Last week, the SEC’s first-ever enforcement proceeding under Section 11 of the Investment Company Act of 1940 occurred for improper switching or replacement of variable annuities.

Any principal underwriter is prohibited from making or causing to be made an offer to exchange the securities of registered unit investment trusts, which includes variable annuities, under Section 11 of the Investment Company Act. There is an exception, but it was not applicable for the Broker Dealer. This exception is if the terms of the offer fell within certain limited exceptions or were approved by the SEC.

How Did The Issue Occur?

  • Through an affiliated Broker Dealer/Investment Adviser, the Broker Dealer offered and sold variable annuities to retail investors.
  • sales practice was implemented by certain employees from the Broker Dealer that caused exchange offers to be made to holders of variable annuities to switch from one variable annuity to another.
    • This resulted in an increase of variable annuity related revenues and sales commissions for the Broker Dealer’s employees.
  • From 2016 to 2018, there was a large increase in these types of transactions, at which time the Broker Dealer’s compliance department put an end to the abusive sales practice at around March of 2018.
    • The compliance department implemented a training program to explain how the creation and use of these types of in-force annuity lists violated the principles of Section 11.

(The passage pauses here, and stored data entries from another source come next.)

(* Consider the corrupted Lipschitz contextual search problem with pricing loss described in the context, and assume the corruption budget $C\ge 1$ is known to the learner. If the learner runs Algorithm 3 (described in the context) with $\eta_0=T^{-1/(d+1)}$ and $\tau_0=\sqrt{T/C}$, then for every $L$-Lipschitz $f$, context sequence and adaptive corruption strategy with at most $C$ corrupted rounds, the total pricing loss is at most \[ L\cdot\widetilde{O}\big(T^{d/(d+1)}+\sqrt{TC}\big), \] where $\widetilde O$ hides logarithmic factors in $T$.
   Context: Problem. Fix $L>0$, $d\ge 1$, horizon $T\ge 2$. An adversary fixes an unknown $f:[0,1]^d\to[0,L]$ with $|f(x)-f(y)|\le L\|x-y\|_\infty$. In each round $t=1,\dots,T$: the adversary chooses $x_t\in[0,1]^d$; the learner observes $x_t$ and posts a guess $q_t$; the adversary observes $q_t$ and sends $\sigma_t\in\{0,1\}$. With $\sigma(u)=1$ if $u>0$, $0$ if $u\le 0$: in uncorrupted rounds $\sigma_t=\sigma(q_t-f(x_t))$, in corrupted rounds $\sigma_t=1-\sigma(q_t-f(x_t))$; the adversary chooses adaptively (after seeing $q_t$) which rounds to corrupt, with at most $C$ corrupted rounds. The pricing loss of round $t$ is $f(x_t)-q_t\cdot\mathbb{1}[q_t\le f(x_t)]$. $\mathtt{len}$ denotes length of an interval and side length of a hypercube. Subroutine $\mathtt{MidpointQuery}(I,Y)$, $Y=[a,b]$: guess $q=(a+b)/2$; if $\sigma_t=1$ return $Y\cap[0,q+L\,\mathtt{len}(I)]$, if $\sigma_t=0$ return $Y\cap[q-L\,\mathtt{len}(I),\infty)$. Algorithm 3 (parameters $\eta_0$, $\tau_0$). Uniformly partition $[0,1]^d$ into hypercubes of side length $\Theta(\eta_0)$; each hypercube $I_j$ has range $Y_j$ (initially $[0,L]$) and counter $c_j$ (initially $0$). In round $t$, with $I_j\ni x_t$: if $\mathtt{len}(Y_j)<10L\eta_0$, set $c_j:=c_j+1$; if $c_j>\tau_0$ guess $\max(Y_j)$ (checking round) and set $c_j:=0$, else guess $\min(Y_j)$ (pricing round); if a checking round receives $\sigma_t=0$ or a pricing round receives $\sigma_t=1$ (the learner is "surprised"), set $Y_j:=[0,L]$, $c_j:=0$. Otherwise (searching round) set $Y_j:=\mathtt{MidpointQuery}(I_j,Y_j)$. *)

theory Defs
  imports Complex_Main
begin

(* Contexts are points of [0,1]^d, represented as functions nat => real that
   lie in [0,1] on coordinates < d and vanish on coordinates >= d. *)
definition cube :: "nat \<Rightarrow> (nat \<Rightarrow> real) set" where
  "cube d = {x. (\<forall>i<d. 0 \<le> x i \<and> x i \<le> 1) \<and> (\<forall>i\<ge>d. x i = 0)}"

definition sup_dist :: "nat \<Rightarrow> (nat \<Rightarrow> real) \<Rightarrow> (nat \<Rightarrow> real) \<Rightarrow> real" where
  "sup_dist d x y = Max ((\<lambda>i. \<bar>x i - y i\<bar>) ` {..<d})"

definition lip_target :: "nat \<Rightarrow> real \<Rightarrow> ((nat \<Rightarrow> real) \<Rightarrow> real) \<Rightarrow> bool" where
  "lip_target d L f \<longleftrightarrow>
     (\<forall>x\<in>cube d. 0 \<le> f x \<and> f x \<le> L) \<and>
     (\<forall>x\<in>cube d. \<forall>y\<in>cube d. \<bar>f x - f y\<bar> \<le> L * sup_dist d x y)"

definition pricing_loss :: "real \<Rightarrow> real \<Rightarrow> real" where
  "pricing_loss v q = v - (if q \<le> v then q else 0)"

(* uniform partition: m = ceil(1/eta) cells per axis, side length 1/m in (eta/2, eta] *)
definition ncells :: "real \<Rightarrow> nat" where
  "ncells \<eta> = nat \<lceil>1 / \<eta>\<rceil>"

definition cell_of :: "nat \<Rightarrow> nat \<Rightarrow> (nat \<Rightarrow> real) \<Rightarrow> nat list" where
  "cell_of d m x = map (\<lambda>i. min (nat \<lfloor>x i * real m\<rfloor>) (m - 1)) [0..<d]"

(* per-cell state: range Y_j = [a,b] and counter c_j *)
type_synonym cellst = "real \<times> real \<times> nat"
type_synonym lstate = "nat list \<Rightarrow> cellst"
(* history entries: context x_t, guess q_t, feedback sigma_t, corrupted-flag *)
type_synonym hist = "((nat \<Rightarrow> real) \<times> real \<times> bool \<times> bool) list"

definition alg3_guess :: "nat \<Rightarrow> real \<Rightarrow> real \<Rightarrow> real \<Rightarrow> lstate \<Rightarrow> (nat \<Rightarrow> real) \<Rightarrow> real" where
  "alg3_guess d L \<eta> \<tau> S x =
     (case S (cell_of d (ncells \<eta>) x) of (a, b, c) \<Rightarrow>
        if b - a < 10 * L * \<eta> then (if real (c + 1) > \<tau> then b else a)
        else (a + b) / 2)"
lemma (in cring) ideals_residuated_lattice: "ideals_residuated_lattice R"
  unfolding ideals_residuated_lattice_def
  by (intro conjI allI impI, simp_all add: zeroideal oneideal additive_subgroup.zero_closed
      ideal.axioms(1) ideal.Icarr subsetI i_intersect add_ideals ideal_prod_is_ideal
      ideal_residuum_is_ideal set_add_subset_left set_add_subset_right set_add_least
      ideal_prod_one ideal_prod_assoc ideal_prod_subset_iff_subset_residuum)
    (rule ideal_prod_commute)

text \<open>The inclusions \<open>(I \<rightarrow> J) + (J \<rightarrow> I) \<subseteq> R\<close> and \<open>I \<cdot> (I \<rightarrow> J) \<subseteq> I \<inter> J\<close> hold in every
  commutative ring, so a BL-ring only needs the converse inclusions, checked elementwise.\<close>

lemma (in cring) BL_ringI:
  assumes prelinear: "\<And>I J. ideal I R \<Longrightarrow> ideal J R \<Longrightarrow>
      \<exists>u \<in> ideal_residuum R I J. \<exists>v \<in> ideal_residuum R J I. u \<oplus> v = \<one>"
    and divisible: "\<And>I J z. ideal I R \<Longrightarrow> ideal J R \<Longrightarrow> z \<in> I \<Longrightarrow> z \<in> J \<Longrightarrow>
      \<exists>p \<in> I. \<exists>w \<in> ideal_residuum R I J. z = p \<otimes> w"
  shows "BL_ring R"
  unfolding BL_ring_def
proof (intro conjI allI impI is_cring ideals_residuated_lattice)
  fix I J assume I: "ideal I R" and J: "ideal J R"
  have IJ: "ideal (ideal_residuum R I J) R" and JI: "ideal (ideal_residuum R J I) R"
    using I J by (simp_all add: ideal_residuum_is_ideal)
  obtain u v where "u \<in> ideal_residuum R I J" "v \<in> ideal_residuum R J I" "u \<oplus> v = \<one>"
    using prelinear[OF I J] by blast
  then have "\<one> \<in> ideal_residuum R I J <+>\<^bsub>R\<^esub> ideal_residuum R J I"
    unfolding set_add_def' by blast
  then show "ideal_residuum R I J <+>\<^bsub>R\<^esub> ideal_residuum R J I = carrier R"
    by (rule ideal.one_imp_carrier[OF add_ideals[OF IJ JI]])
  have "I \<cdot> ideal_residuum R I J = ideal_residuum R I J \<cdot> I"
    by (rule ideal_prod_commute[OF I IJ])
  also have "\<dots> \<subseteq> J"
    using ideal_prod_subset_iff_subset_residuum[OF IJ I J] by simp
  finally have "I \<cdot> ideal_residuum R I J \<subseteq> I \<inter> J"
    using ideal_prod_inter[OF I IJ] by blast
  moreover have "I \<inter> J \<subseteq> I \<cdot> ideal_residuum R I J"
  proof
    fix z assume "z \<in> I \<inter> J"
    then obtain p w where "p \<in> I" "w \<in> ideal_residuum R I J" "z = p \<otimes> w"
      using divisible[OF I J] by blast
    then show "z \<in> I \<cdot> ideal_residuum R I J"
      by (simp add: ideal_prod.prod)
  qed
  ultimately show "I \<cdot> ideal_residuum R I J = I \<inter> J" by blast
qed
(* Let $\beta_1 = 0$ and let $\beta_2 \in [0,1)$. There exist a one-dimensional online convex optimization problem (a compact convex feasible set $\mathcal{F} \subset \mathbb{R}$ and a sequence of convex loss functions $f_t : \mathcal{F} \to \mathbb{R}$ with uniformly bounded gradients) and an initial point $x_1 \in \mathcal{F}$ such that, for every initial step size $\alpha > 0$, the iterates $\{x_t\}$ of \textsc{Adam} with parameters $\alpha, \beta_1, \beta_2$ satisfy $R_T/T \not\to 0$ as $T \to \infty$.
   Context: \textsc{Adam} (without debiasing) on a closed convex set $\mathcal{F} \subset \mathbb{R}^d$ with loss functions $f_1, f_2, \dots$, initial point $x_1 \in \mathcal{F}$, initial step size $\alpha > 0$ and constants $\beta_1, \beta_2 \in [0,1)$ is defined as follows. Set $m_0 = v_0 = 0 \in \mathbb{R}^d$. For $t = 1, 2, \dots$: $g_t = \nabla f_t(x_t)$; $m_t = \beta_1 m_{t-1} + (1-\beta_1) g_t$; $v_t = \beta_2 v_{t-1} + (1-\beta_2) g_t^2$ (square taken coordinatewise); $V_t = \mathrm{diag}(v_t)$; $\alpha_t = \alpha/\sqrt{t}$; $\hat{x}_{t+1} = x_t - \alpha_t V_t^{-1/2} m_t$; $x_{t+1} = \Pi_{\mathcal{F}, \sqrt{V_t}}(\hat{x}_{t+1})$, where for a positive definite matrix $M$, $\Pi_{\mathcal{F}, M}(y) = \arg\min_{x \in \mathcal{F}} \|M^{1/2}(x-y)\|$. The regret after $T$ steps is $R_T = \sum_{t=1}^T f_t(x_t) - \min_{x \in \mathcal{F}} \sum_{t=1}^T f_t(x)$. *)

theory Defs
  imports "HOL-Analysis.Analysis"
begin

What Were The Findings And Final Conclusion?

  • The SEC has made it clear that they are going to continue focusing on protecting investors, and they state that protecting retail investors from abusive sales practices is a centerpiece of their enforcement program.
    • Accountability is very important with the SEC and they will continue to hold those that engage in such conduct accountable.
  • They found that the Broker Dealer conducted an improper switch of investors from one investment product to another for the purpose of generating additional selling charges, which is prohibited in Section 11.
  • The Broker Dealer consented to an order finding that it violated Section 11 of the Investment Company Act and imposing a cease-and-desist order, a censure and a $5 million civil penalty without admitting or denying the SEC’s findings.

Vigilant’s Final Conclusion

As we have stated throughout the year, the SEC is fully focused on protecting investors in 2022, and this was clearly communicated throughout this order by the SEC.

While this is the first-ever enforcement proceeding under Section 11 of the Investment Company Act of 1940, the SEC will continue to hold Firms accountable to those who engage in conduct similar to this.